» **WORK INSTRUCTIONS**:
For each line in the data below that holds "bool", return a copy.

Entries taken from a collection
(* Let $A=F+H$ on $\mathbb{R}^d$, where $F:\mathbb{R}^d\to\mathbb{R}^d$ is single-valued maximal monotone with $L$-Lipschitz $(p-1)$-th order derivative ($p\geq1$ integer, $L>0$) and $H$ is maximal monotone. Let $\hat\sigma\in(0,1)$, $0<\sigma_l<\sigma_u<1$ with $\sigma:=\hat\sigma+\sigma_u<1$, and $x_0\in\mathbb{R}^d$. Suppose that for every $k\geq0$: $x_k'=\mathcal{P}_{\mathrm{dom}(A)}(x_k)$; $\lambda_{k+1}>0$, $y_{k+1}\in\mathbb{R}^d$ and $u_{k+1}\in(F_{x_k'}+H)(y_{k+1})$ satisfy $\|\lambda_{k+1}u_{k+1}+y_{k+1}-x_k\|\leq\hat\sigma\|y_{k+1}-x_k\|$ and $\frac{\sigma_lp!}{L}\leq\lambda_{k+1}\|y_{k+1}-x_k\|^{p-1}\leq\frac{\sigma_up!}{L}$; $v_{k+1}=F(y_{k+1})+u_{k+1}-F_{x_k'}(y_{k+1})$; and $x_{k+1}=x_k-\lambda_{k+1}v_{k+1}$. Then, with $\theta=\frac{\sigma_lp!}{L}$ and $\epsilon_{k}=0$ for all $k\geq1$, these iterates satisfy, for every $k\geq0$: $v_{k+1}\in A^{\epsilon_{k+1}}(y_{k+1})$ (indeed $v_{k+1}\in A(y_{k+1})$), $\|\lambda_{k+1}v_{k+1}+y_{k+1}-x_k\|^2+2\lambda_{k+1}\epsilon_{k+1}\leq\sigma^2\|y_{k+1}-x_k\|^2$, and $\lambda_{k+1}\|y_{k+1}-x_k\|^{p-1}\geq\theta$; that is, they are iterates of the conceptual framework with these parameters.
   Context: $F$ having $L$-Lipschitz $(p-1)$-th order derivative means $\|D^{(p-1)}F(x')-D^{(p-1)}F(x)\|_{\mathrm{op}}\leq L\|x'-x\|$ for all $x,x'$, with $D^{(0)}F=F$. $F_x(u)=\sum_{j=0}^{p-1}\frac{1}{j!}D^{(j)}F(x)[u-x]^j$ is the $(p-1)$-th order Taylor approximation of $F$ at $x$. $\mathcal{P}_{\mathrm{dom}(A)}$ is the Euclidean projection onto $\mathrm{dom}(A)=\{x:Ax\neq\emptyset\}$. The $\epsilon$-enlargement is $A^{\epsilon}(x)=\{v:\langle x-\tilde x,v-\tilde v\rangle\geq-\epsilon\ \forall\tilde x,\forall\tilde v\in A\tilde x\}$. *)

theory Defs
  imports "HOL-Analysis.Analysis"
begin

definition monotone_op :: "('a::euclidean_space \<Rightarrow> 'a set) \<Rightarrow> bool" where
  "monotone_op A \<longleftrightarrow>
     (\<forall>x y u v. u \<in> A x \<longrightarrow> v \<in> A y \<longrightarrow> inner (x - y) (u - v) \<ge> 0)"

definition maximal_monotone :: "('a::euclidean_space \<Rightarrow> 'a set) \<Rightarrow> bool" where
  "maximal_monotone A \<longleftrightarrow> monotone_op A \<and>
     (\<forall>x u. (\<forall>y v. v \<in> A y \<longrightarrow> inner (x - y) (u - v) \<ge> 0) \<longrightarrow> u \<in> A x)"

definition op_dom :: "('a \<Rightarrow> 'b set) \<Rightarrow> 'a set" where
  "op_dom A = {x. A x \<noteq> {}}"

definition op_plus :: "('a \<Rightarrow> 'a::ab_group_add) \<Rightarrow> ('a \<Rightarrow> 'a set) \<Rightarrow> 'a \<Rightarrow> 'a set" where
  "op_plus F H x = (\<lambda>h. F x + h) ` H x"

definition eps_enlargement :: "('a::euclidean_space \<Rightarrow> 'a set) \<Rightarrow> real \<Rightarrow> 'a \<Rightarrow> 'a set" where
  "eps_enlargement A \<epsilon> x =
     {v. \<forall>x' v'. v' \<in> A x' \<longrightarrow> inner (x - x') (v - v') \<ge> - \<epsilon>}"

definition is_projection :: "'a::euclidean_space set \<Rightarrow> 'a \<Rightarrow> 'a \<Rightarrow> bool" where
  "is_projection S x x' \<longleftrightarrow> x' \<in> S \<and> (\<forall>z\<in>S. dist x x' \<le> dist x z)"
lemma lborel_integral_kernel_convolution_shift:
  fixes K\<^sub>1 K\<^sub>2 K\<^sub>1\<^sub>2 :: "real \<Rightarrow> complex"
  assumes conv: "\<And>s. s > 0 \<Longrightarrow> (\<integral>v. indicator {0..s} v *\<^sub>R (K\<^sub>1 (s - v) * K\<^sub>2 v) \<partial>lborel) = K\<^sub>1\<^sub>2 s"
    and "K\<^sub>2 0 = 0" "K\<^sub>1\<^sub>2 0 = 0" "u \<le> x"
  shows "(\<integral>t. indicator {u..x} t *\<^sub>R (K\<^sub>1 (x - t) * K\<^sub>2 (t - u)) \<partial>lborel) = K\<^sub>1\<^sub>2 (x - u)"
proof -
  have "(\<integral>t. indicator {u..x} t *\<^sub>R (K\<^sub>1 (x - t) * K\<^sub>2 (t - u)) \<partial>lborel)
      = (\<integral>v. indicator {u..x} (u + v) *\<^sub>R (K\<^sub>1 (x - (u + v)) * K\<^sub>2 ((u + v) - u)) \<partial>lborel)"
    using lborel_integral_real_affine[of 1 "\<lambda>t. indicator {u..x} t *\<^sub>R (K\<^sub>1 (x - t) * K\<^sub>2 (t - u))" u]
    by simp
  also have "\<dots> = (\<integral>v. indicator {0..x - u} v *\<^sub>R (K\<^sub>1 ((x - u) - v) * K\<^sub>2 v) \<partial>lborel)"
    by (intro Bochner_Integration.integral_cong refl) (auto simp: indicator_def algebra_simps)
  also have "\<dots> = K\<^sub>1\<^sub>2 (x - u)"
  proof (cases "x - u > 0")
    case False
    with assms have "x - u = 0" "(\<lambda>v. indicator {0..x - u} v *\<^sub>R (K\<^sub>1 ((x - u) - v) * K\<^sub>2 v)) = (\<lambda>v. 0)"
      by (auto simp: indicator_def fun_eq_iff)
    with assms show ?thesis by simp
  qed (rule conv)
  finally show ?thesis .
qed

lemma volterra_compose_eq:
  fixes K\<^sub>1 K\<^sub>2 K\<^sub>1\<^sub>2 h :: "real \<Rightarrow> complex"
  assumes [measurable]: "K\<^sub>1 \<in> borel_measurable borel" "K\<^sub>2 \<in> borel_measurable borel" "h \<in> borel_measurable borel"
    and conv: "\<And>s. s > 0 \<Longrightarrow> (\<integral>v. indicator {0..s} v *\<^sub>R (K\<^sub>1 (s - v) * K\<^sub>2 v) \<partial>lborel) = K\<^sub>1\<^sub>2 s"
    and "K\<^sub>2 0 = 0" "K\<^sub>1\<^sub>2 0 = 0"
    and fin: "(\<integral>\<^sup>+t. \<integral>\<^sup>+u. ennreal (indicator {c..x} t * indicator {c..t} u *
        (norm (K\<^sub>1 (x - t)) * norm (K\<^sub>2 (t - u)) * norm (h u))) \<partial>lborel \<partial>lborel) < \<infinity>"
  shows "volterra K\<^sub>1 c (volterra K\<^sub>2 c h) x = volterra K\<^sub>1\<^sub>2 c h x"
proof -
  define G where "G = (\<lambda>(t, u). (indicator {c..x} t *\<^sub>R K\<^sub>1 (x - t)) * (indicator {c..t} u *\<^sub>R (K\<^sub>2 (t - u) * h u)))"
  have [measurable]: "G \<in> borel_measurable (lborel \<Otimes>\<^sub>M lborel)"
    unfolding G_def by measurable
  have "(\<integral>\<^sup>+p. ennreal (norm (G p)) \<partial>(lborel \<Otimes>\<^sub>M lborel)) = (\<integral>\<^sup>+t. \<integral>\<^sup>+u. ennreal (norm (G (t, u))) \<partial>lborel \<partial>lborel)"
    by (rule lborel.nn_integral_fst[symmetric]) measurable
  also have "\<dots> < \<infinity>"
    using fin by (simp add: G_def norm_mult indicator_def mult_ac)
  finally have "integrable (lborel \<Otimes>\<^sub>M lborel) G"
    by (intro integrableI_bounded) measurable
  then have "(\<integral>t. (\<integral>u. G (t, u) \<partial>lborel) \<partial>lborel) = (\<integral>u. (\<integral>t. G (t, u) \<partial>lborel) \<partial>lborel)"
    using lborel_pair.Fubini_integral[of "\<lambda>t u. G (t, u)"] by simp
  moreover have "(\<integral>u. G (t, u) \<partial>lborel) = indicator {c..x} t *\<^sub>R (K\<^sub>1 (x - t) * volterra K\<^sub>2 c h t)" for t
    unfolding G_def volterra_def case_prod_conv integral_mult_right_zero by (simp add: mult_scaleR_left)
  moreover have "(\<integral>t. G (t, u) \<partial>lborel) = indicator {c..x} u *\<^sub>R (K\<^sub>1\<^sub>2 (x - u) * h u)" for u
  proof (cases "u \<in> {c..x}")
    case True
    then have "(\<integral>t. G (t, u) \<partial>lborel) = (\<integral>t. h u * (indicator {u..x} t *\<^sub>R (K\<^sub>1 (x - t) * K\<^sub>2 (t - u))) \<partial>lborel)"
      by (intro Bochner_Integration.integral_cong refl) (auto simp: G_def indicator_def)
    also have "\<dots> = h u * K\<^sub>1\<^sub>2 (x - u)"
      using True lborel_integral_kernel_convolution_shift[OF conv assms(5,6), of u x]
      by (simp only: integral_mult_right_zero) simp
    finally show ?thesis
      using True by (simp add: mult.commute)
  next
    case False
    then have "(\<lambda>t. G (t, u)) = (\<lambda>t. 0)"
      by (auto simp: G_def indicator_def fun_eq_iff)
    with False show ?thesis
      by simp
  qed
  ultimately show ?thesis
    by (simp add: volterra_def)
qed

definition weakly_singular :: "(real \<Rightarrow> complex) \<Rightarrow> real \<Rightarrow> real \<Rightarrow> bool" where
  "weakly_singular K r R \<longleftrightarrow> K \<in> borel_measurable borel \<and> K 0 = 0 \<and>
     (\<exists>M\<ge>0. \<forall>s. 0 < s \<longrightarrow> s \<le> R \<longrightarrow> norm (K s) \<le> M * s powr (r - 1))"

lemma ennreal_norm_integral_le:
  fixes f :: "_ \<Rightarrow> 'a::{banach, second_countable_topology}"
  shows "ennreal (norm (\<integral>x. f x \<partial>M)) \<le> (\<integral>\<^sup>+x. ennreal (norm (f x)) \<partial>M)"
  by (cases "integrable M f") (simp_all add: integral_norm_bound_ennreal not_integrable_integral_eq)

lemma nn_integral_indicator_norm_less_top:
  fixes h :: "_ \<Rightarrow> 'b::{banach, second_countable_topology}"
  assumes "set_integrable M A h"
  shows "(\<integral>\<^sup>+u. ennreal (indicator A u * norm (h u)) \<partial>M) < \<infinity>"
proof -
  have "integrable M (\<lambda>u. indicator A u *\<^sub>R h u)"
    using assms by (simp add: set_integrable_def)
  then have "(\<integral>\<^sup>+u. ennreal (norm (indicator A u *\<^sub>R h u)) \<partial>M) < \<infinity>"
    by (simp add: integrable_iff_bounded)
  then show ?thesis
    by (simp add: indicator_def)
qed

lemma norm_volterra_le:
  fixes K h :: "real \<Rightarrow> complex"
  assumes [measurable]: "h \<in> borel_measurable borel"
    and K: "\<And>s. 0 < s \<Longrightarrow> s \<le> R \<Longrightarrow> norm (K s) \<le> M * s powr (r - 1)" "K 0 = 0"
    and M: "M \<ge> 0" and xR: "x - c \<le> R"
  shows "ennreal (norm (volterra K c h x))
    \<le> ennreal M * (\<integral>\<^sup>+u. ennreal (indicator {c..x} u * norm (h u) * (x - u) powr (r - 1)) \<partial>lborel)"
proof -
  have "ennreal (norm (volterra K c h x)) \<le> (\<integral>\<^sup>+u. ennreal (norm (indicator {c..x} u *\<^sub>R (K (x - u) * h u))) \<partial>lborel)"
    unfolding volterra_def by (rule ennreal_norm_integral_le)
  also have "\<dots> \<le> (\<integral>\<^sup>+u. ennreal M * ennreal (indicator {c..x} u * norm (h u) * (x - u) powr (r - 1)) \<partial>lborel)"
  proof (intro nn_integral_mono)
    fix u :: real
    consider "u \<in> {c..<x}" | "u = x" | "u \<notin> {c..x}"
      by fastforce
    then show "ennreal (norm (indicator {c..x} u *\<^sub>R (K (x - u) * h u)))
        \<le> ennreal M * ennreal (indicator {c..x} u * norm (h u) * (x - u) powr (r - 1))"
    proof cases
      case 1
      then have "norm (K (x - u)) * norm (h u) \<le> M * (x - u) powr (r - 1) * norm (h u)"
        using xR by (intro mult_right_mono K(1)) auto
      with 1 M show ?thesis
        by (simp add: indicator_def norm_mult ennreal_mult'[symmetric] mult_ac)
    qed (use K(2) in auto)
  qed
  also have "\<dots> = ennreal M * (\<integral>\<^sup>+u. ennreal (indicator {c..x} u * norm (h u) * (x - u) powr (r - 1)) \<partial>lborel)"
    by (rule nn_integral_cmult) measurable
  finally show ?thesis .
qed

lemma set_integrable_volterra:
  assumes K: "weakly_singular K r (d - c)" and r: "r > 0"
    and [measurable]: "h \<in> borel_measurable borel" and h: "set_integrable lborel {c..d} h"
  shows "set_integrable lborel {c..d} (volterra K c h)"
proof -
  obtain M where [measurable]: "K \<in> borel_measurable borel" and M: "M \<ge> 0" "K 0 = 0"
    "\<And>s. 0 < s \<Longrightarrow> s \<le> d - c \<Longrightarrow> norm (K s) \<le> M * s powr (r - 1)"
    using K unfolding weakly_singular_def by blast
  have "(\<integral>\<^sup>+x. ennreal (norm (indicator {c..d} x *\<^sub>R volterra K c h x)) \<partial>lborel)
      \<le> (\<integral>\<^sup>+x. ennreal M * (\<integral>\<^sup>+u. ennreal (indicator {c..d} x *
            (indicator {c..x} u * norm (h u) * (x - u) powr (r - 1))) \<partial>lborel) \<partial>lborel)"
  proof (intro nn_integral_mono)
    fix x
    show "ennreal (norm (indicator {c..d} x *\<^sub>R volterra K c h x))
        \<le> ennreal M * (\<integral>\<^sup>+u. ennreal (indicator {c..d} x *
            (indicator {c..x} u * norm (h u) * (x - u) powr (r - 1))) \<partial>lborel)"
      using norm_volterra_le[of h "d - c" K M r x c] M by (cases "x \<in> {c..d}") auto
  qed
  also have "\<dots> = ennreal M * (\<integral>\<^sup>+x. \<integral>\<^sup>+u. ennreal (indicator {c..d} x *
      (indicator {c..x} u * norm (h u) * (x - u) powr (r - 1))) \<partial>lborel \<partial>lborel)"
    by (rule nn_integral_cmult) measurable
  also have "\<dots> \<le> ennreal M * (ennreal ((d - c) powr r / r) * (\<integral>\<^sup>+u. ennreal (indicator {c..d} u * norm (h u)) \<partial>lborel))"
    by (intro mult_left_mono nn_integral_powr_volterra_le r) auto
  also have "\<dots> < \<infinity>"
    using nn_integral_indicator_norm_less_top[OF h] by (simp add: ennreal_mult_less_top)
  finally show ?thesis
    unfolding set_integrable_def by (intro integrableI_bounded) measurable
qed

» **YOUR SOLUTION**:
definition monotone_op :: "('a::euclidean_space \<Rightarrow> 'a set) \<Rightarrow> bool" where
definition maximal_monotone :: "('a::euclidean_space \<Rightarrow> 'a set) \<Rightarrow> bool" where
definition is_projection :: "'a::euclidean_space set \<Rightarrow> 'a \<Rightarrow> 'a \<Rightarrow> bool" where
definition weakly_singular :: "(real \<Rightarrow> complex) \<Rightarrow> real \<Rightarrow> real \<Rightarrow> bool" where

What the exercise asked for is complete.